The Queen sent a wave through her that somehow she knew was the fey equivalent of ostentatious yawning. “In one sense, you shall be with him,” the Queen said. “The other form is nice enough, but yours is the one designed for me. I have seen what you are made of, you know. Your mind will accept my patterns very nicely. We will go together well, after you succumb. I will have it.”
Then the blue-orange advanced on Jane, and Jane was too despairing to run, for the proof of what the Queen said was all too visible. He had given her the Queen’s face, and there could be no other interpretation of that.
She had no defenses, none, and then suddenly there was a wall of iron in front of her and the Fey Queen was crashing into it.
“Run,” said Poule, and she shoved her back toward the house, lifting her makeshift shield at the Queen.

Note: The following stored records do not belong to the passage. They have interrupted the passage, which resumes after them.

text \<open>Conjugating by a unitary matrix whose first column is an eigenvector splits off the
  (real) eigenvalue.\<close>

lemma hermitian_deflation:
  assumes A: "A \<in> carrier_mat (Suc m) (Suc m)" "mat_adjoint A = A"
  shows "\<exists>W e X. unitary (Suc m) W \<and> X \<in> carrier_mat m m \<and> mat_adjoint X = X \<and>
    A = W * diag_block_mat m (complex_of_real e) X * mat_adjoint W"
proof -
  obtain e v where v: "v \<in> carrier_vec (Suc m)" "v \<noteq> 0\<^sub>v (Suc m)" and ev: "A *\<^sub>v v = e \<cdot>\<^sub>v v"
    using spectrum_non_empty[OF A(1)] A(1) unfolding spectrum_def eigenvalue_def eigenvector_def by auto
  obtain W c where W: "unitary (Suc m) W" and W0: "col W 0 = c \<cdot>\<^sub>v v"
    using unitary_with_first_col[OF v] by blast
  have Wc: "W \<in> carrier_mat (Suc m) (Suc m)" using W by (rule unitary_carrier)
  define A' where "A' = mat_adjoint W * A * W"
  have WA: "mat_adjoint W * A \<in> carrier_mat (Suc m) (Suc m)"
    using mult_carrier_mat[OF mat_adjoint_carrier[OF Wc] A(1)] .
  have A': "A' \<in> carrier_mat (Suc m) (Suc m)" "mat_adjoint A' = A'"
    unfolding A'_def using mult_carrier_mat[OF WA Wc] hermitian_congruence[OF A Wc] by simp_all
  have "col A' 0 = (mat_adjoint W * A) *\<^sub>v col W 0"
    unfolding A'_def by (rule col_mult2[OF WA Wc]) simp
  also have "\<dots> = mat_adjoint W *\<^sub>v (A *\<^sub>v col W 0)"
    using Wc col_dim[of W 0] by (intro assoc_mult_mat_vec[OF mat_adjoint_carrier[OF Wc] A(1)]) simp
  also have "A *\<^sub>v col W 0 = e \<cdot>\<^sub>v col W 0"
    using v by (simp add: W0 mult_mat_vec[OF A(1) v(1)] ev) (intro eq_vecI; simp)
  also have "mat_adjoint W *\<^sub>v (e \<cdot>\<^sub>v col W 0) = e \<cdot>\<^sub>v col (mat_adjoint W * W) 0"
    using Wc col_dim[of W 0] col_mult2[OF mat_adjoint_carrier[OF Wc] Wc, of 0]
    by (simp add: mult_mat_vec[OF mat_adjoint_carrier[OF Wc]])
  finally have "col A' 0 = e \<cdot>\<^sub>v unit_vec (Suc m) 0"
    using W by (simp add: unitary_def)
  then obtain X where X: "X \<in> carrier_mat m m" "mat_adjoint X = X" and A'X: "A' = diag_block_mat m e X"
    using hermitian_diag_block_mat[OF A'] by blast
  have "complex_of_real (Re e) = e"
    using hermitian_eigenvalue_real[OF A v ev] by (simp add: complex_eq_iff)
  moreover have "A = W * A' * mat_adjoint W"
    unfolding A'_def by (rule unitary_conj_cancel[OF W A(1), symmetric])
  ultimately show ?thesis using W X A'X by metis
qed

theorem hermitian_unitary_diag:
  assumes "A \<in> carrier_mat n n" "mat_adjoint A = A"
  shows "\<exists>U d. unitary n U \<and> A = unitary_diag n U d"
  using assms
proof (induction n arbitrary: A)
  case 0
  then have "A = unitary_diag 0 (1\<^sub>m 0) (\<lambda>_. 0)"
    by (intro eq_matI) (auto simp: unitary_diag_def)
  moreover have "unitary 0 (1\<^sub>m 0)" by (simp add: unitary_def)
  ultimately show ?case by blast
next
  case (Suc m)
  obtain W e X where W: "unitary (Suc m) W" and X: "X \<in> carrier_mat m m" "mat_adjoint X = X"
    and A: "A = W * diag_block_mat m (complex_of_real e) X * mat_adjoint W"
    using hermitian_deflation[OF Suc.prems] by blast
  obtain U d where U: "unitary m U" and Xd: "X = unitary_diag m U d"
    using Suc.IH[OF X] by blast
  let ?B = "diag_block_mat m 1 U" and ?d = "\<lambda>i. if i = 0 then e else d (i - 1)"
  have B: "unitary (Suc m) ?B" by (rule unitary_diag_block_mat[OF U])
  have "A = unitary_diag (Suc m) (W * ?B) ?d"
    unfolding A Xd diag_block_mat_unitary_diag[OF U] by (rule unitary_conj_unitary_diag[OF W B])
  then show ?case using unitary_mult[OF W B] by blast
qed

section \<open>Square roots and inverses of positive definite matrices\<close>

definition positive_semidef :: "nat \<Rightarrow> complex mat \<Rightarrow> bool" where
  "positive_semidef n A \<longleftrightarrow> (\<forall>v\<in>carrier_vec n. 0 \<le> Re ((A *\<^sub>v v) \<bullet>c v))"

lemma positive_semidef_unitary_diag:
  assumes U: "unitary n U" and d: "\<And>i. i < n \<Longrightarrow> 0 \<le> d i"
  shows "positive_semidef n (unitary_diag n U d)"
  unfolding positive_semidef_def
proof
  fix x :: "complex vec" assume x: "x \<in> carrier_vec n"
  define R where "R = unitary_diag n U (\<lambda>i. sqrt (d i))"
  have R: "R \<in> carrier_mat n n" "mat_adjoint R = R"
    unfolding R_def using U by (simp_all add: unitary_diag_carrier mat_adjoint_unitary_diag)
  have "unitary_diag n U d = unitary_diag n U (\<lambda>i. sqrt (d i) * sqrt (d i))"
    using d by (intro unitary_diag_cong) simp
  also have "\<dots> = R * R" by (simp add: R_def unitary_diag_mult[OF U])
  finally have "unitary_diag n U d = R * R" .
  then have "(unitary_diag n U d *\<^sub>v x) \<bullet>c x = (R *\<^sub>v x) \<bullet>c (R *\<^sub>v x)"
    using cscalar_prod_mat_adjoint[OF R(1) mult_mat_vec_carrier[OF R(1) x] x] R x by simp
  then show "0 \<le> Re ((unitary_diag n U d *\<^sub>v x) \<bullet>c x)"
    using norm_sq_nonneg by (simp add: norm_sq_def)
qed

text \<open>Since \<open>T + s\<close> is positive definite, \<open>(T + s) (T u - s u) = T\<^sup>2 u - s\<^sup>2 u = 0\<close> forces
  \<open>T u = s u\<close>.\<close>

lemma positive_semidef_sqrt_eigenvector:
  assumes T: "T \<in> carrier_mat n n" "positive_semidef n T" and u: "u \<in> carrier_vec n"
    and s: "0 < s" and TTu: "T *\<^sub>v (T *\<^sub>v u) = complex_of_real (s\<^sup>2) \<cdot>\<^sub>v u"
  shows "T *\<^sub>v u = complex_of_real s \<cdot>\<^sub>v u"
proof -
  let ?s = "complex_of_real s"
  define y where "y = T *\<^sub>v u - ?s \<cdot>\<^sub>v u"
  have Tu: "T *\<^sub>v u \<in> carrier_vec n" using T u by simp
  have y: "y \<in> carrier_vec n" using Tu u by (simp add: y_def)
  have Ty: "T *\<^sub>v y = complex_of_real (s\<^sup>2) \<cdot>\<^sub>v u - ?s \<cdot>\<^sub>v (T *\<^sub>v u)"
    unfolding y_def using T u Tu
    by (simp add: mult_minus_distrib_mat_vec[OF T(1) Tu] mult_mat_vec[OF T(1) u] TTu)
  have "T *\<^sub>v y + ?s \<cdot>\<^sub>v y = 0\<^sub>v n"
    using u Tu carrier_vecD[OF u] carrier_vecD[OF Tu]
    by (subst Ty, unfold y_def) (intro eq_vecI; simp add: algebra_simps power2_eq_square)
  then have "0 = (T *\<^sub>v y + ?s \<cdot>\<^sub>v y) \<bullet>c y"
    using y by simp
  also have "\<dots> = (T *\<^sub>v y) \<bullet>c y + complex_of_real (s * norm_sq y)"
    using T y by (simp add: add_scalar_prod_distrib[of _ n] cscalar_prod_self_eq_norm_sq)
  finally have "(T *\<^sub>v y) \<bullet>c y + complex_of_real (s * norm_sq y) = 0"
    by simp
  then have "Re ((T *\<^sub>v y) \<bullet>c y) + s * norm_sq y = 0"
    by (metis Re_complex_of_real plus_complex.sel(1) zero_complex.sel(1))
  moreover have "0 \<le> Re ((T *\<^sub>v y) \<bullet>c y)" using T(2) y by (simp add: positive_semidef_def)
  ultimately have "norm_sq y = 0"
    using s norm_sq_nonneg[of y] by (smt (verit) mult_pos_pos)
  then have y0: "y = 0\<^sub>v n" using norm_sq_eq_0_iff[OF y] by simp
  show ?thesis
  proof (rule eq_vecI)
    fix k assume "k < dim_vec (?s \<cdot>\<^sub>v u)"
    then have k: "k < n" using u by simp
    then have "y $ k = 0" using y0 by simp
    then show "(T *\<^sub>v u) $ k = (?s \<cdot>\<^sub>v u) $ k" using k u Tu by (simp add: y_def)
  qed (use T(1) u in simp)
qed

lemma positive_semidef_sqrt_unitary_diag:
  assumes U: "unitary n U" and d: "\<And>i. i < n \<Longrightarrow> 0 < d i"
    and T: "T \<in> carrier_mat n n" "positive_semidef n T" and TT: "T * T = unitary_diag n U d"
  shows "T = unitary_diag n U (\<lambda>i. sqrt (d i))"
proof (rule unitary_mult_cancel_right[OF U T(1) unitary_diag_carrier[OF U]])
  have Uc: "U \<in> carrier_mat n n" using U by (rule unitary_carrier)
  show "T * U = unitary_diag n U (\<lambda>i. sqrt (d i)) * U"
  proof (rule mat_col_eqI)
    fix i assume "i < dim_col (unitary_diag n U (\<lambda>i. sqrt (d i)) * U)"
    then have i: "i < n" using Uc by simp
    have u: "col U i \<in> carrier_vec n" using Uc col_dim[of U i] by simp
    have TTu: "T *\<^sub>v (T *\<^sub>v col U i) = complex_of_real ((sqrt (d i))\<^sup>2) \<cdot>\<^sub>v col U i"
      using TT unitary_diag_mult_col[OF U i, of d] d[OF i] T(1) u
      by (simp flip: assoc_mult_mat_vec[OF T(1) T(1) u])
    have "T *\<^sub>v col U i = complex_of_real (sqrt (d i)) \<cdot>\<^sub>v col U i"
      using positive_semidef_sqrt_eigenvector[OF T u _ TTu] d[OF i] by simp
    then show "col (T * U) i = col (unitary_diag n U (\<lambda>i. sqrt (d i)) * U) i"
      using unitary_diag_mult_col[OF U i, of "\<lambda>i. sqrt (d i)"]
        col_mult2[OF T(1) Uc i] col_mult2[OF unitary_diag_carrier[OF U] Uc i] by simp
  qed (use T(1) Uc carrier_matD[OF unitary_diag_carrier[OF U]] in simp_all)
qed

lemma inv_mat_eqI:
  assumes A: "A \<in> carrier_mat n n" and B: "B \<in> carrier_mat n n"
    and AB: "A * B = 1\<^sub>m n" and BA: "B * A = 1\<^sub>m n"
  shows "inv_mat n A = B"
  unfolding inv_mat_def
proof (rule the_equality)
  fix B' assume "B' \<in> carrier_mat n n \<and> A * B' = 1\<^sub>m n \<and> B' * A = 1\<^sub>m n"
  then have B': "B' \<in> carrier_mat n n" "B' * A = 1\<^sub>m n" by simp_all
  have "B' = B' * (A * B)" using B' by (simp add: AB)
  also have "\<dots> = (B' * A) * B" by (rule assoc_mult_mat[OF B'(1) A B, symmetric])
  finally show "B' = B" using B B' by simp
qed (use A B AB BA in simp)

lemma unitary_diag_inverse:
  assumes U: "unitary n U" and d: "\<And>i. i < n \<Longrightarrow> d i \<noteq> 0"
  shows "unitary_diag n U d * unitary_diag n U (\<lambda>i. 1 / d i) = 1\<^sub>m n"
    and "unitary_diag n U (\<lambda>i. 1 / d i) * unitary_diag n U d = 1\<^sub>m n"
proof -
  have "unitary_diag n U (\<lambda>i. d i * (1 / d i)) = unitary_diag n U (\<lambda>_. 1)"
    "unitary_diag n U (\<lambda>i. 1 / d i * d i) = unitary_diag n U (\<lambda>_. 1)"
    using d by (intro unitary_diag_cong; simp)+
  then show "unitary_diag n U d * unitary_diag n U (\<lambda>i. 1 / d i) = 1\<^sub>m n"
    "unitary_diag n U (\<lambda>i. 1 / d i) * unitary_diag n U d = 1\<^sub>m n"
    by (simp_all only: unitary_diag_mult[OF U] unitary_diag_one[OF U])
qed

lemma inv_mat_unitary_diag:
  assumes U: "unitary n U" and d: "\<And>i. i < n \<Longrightarrow> d i \<noteq> 0"
  shows "inv_mat n (unitary_diag n U d) = unitary_diag n U (\<lambda>i. 1 / d i)"
  using unitary_diag_inverse[OF U d]
  by (intro inv_mat_eqI[OF unitary_diag_carrier[OF U] unitary_diag_carrier[OF U]])

lemma inv_sqrt_mat_unitary_diag:
  assumes U: "unitary n U" and d: "\<And>i. i < n \<Longrightarrow> 0 < d i"
  shows "inv_sqrt_mat n (unitary_diag n U d) = unitary_diag n U (\<lambda>i. 1 / sqrt (d i))"
  unfolding inv_sqrt_mat_def
proof (rule the_equality, intro conjI)
  have inv: "inv_mat n (unitary_diag n U d) = unitary_diag n U (\<lambda>i. 1 / d i)"
    using d by (intro inv_mat_unitary_diag[OF U]) (metis less_irrefl)
  let ?R = "unitary_diag n U (\<lambda>i. 1 / sqrt (d i))"
  show "?R \<in> carrier_mat n n" "mat_adjoint ?R = ?R"
    by (simp_all add: unitary_diag_carrier[OF U] mat_adjoint_unitary_diag[OF U])
  show "\<forall>v\<in>carrier_vec n. 0 \<le> Re ((?R *\<^sub>v v) \<bullet>c v)"
    using positive_semidef_unitary_diag[OF U, of "\<lambda>i. 1 / sqrt (d i)"] d
    by (simp add: positive_semidef_def less_imp_le)
  have "unitary_diag n U (\<lambda>i. 1 / sqrt (d i) * (1 / sqrt (d i))) = unitary_diag n U (\<lambda>i. 1 / d i)"
    using d by (intro unitary_diag_cong) (simp add: less_imp_le)
  then show "?R * ?R = inv_mat n (unitary_diag n U d)"
    by (simp add: inv unitary_diag_mult[OF U])
  fix T assume "T \<in> carrier_mat n n \<and> mat_adjoint T = T \<and> (\<forall>v\<in>carrier_vec n. 0 \<le> Re ((T *\<^sub>v v) \<bullet>c v))
    \<and> T * T = inv_mat n (unitary_diag n U d)"
  then have "T = unitary_diag n U (\<lambda>i. sqrt (1 / d i))"
    using d by (intro positive_semidef_sqrt_unitary_diag[OF U]) (auto simp: positive_semidef_def inv)
  then show "T = ?R" by (simp add: real_sqrt_divide)
qed

lemma positive_def_unitary_diag:
  assumes A: "A \<in> carrier_mat n n" "mat_adjoint A = A"
    and pd: "\<And>v. v \<in> carrier_vec n \<Longrightarrow> v \<noteq> 0\<^sub>v n \<Longrightarrow> 0 < Re ((A *\<^sub>v v) \<bullet>c v)"
  shows "\<exists>U d. unitary n U \<and> (\<forall>i<n. 0 < d i) \<and> A = unitary_diag n U d"
proof -
  obtain U d where U: "unitary n U" and Ad: "A = unitary_diag n U d"
    using hermitian_unitary_diag[OF A] by blast
  have "0 < d i" if i: "i < n" for i
  proof -
    have u: "col U i \<in> carrier_vec n" using unitary_carrier[OF U] col_dim[of U i] by simp
    have "col U i \<noteq> 0\<^sub>v n" using unitary_col_norm[OF U i] u by auto
    then have "0 < Re ((A *\<^sub>v col U i) \<bullet>c col U i)" using pd u by blast
    then show ?thesis using u by (simp add: Ad unitary_diag_mult_col[OF U i] unitary_col_norm[OF U i])
  qed
  then show ?thesis using U Ad by blast
qed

Of course the Queen could go around iron, even a large piece of it, but the brief moment of surprise at hitting it dead on stunned the Queen so she only hung flickering for eight, ten seconds, before she could move again. Jane moved her nerveless feet faster and faster, flung herself over the iron threshold just as the Queen pounced on her ankles and came up with only air.
Rage in her head, from the Queen, then enticement. Lust, love, lulling, luring Jane to step back across that threshold and out into the open.
Jane slammed the door. She flung herself to the floor, on top of her hands, and though the compulsion seized her till she wept, she had just enough strength from all her work with the fey curse to keep her hands curled under her belly, her knees drawn to her chest.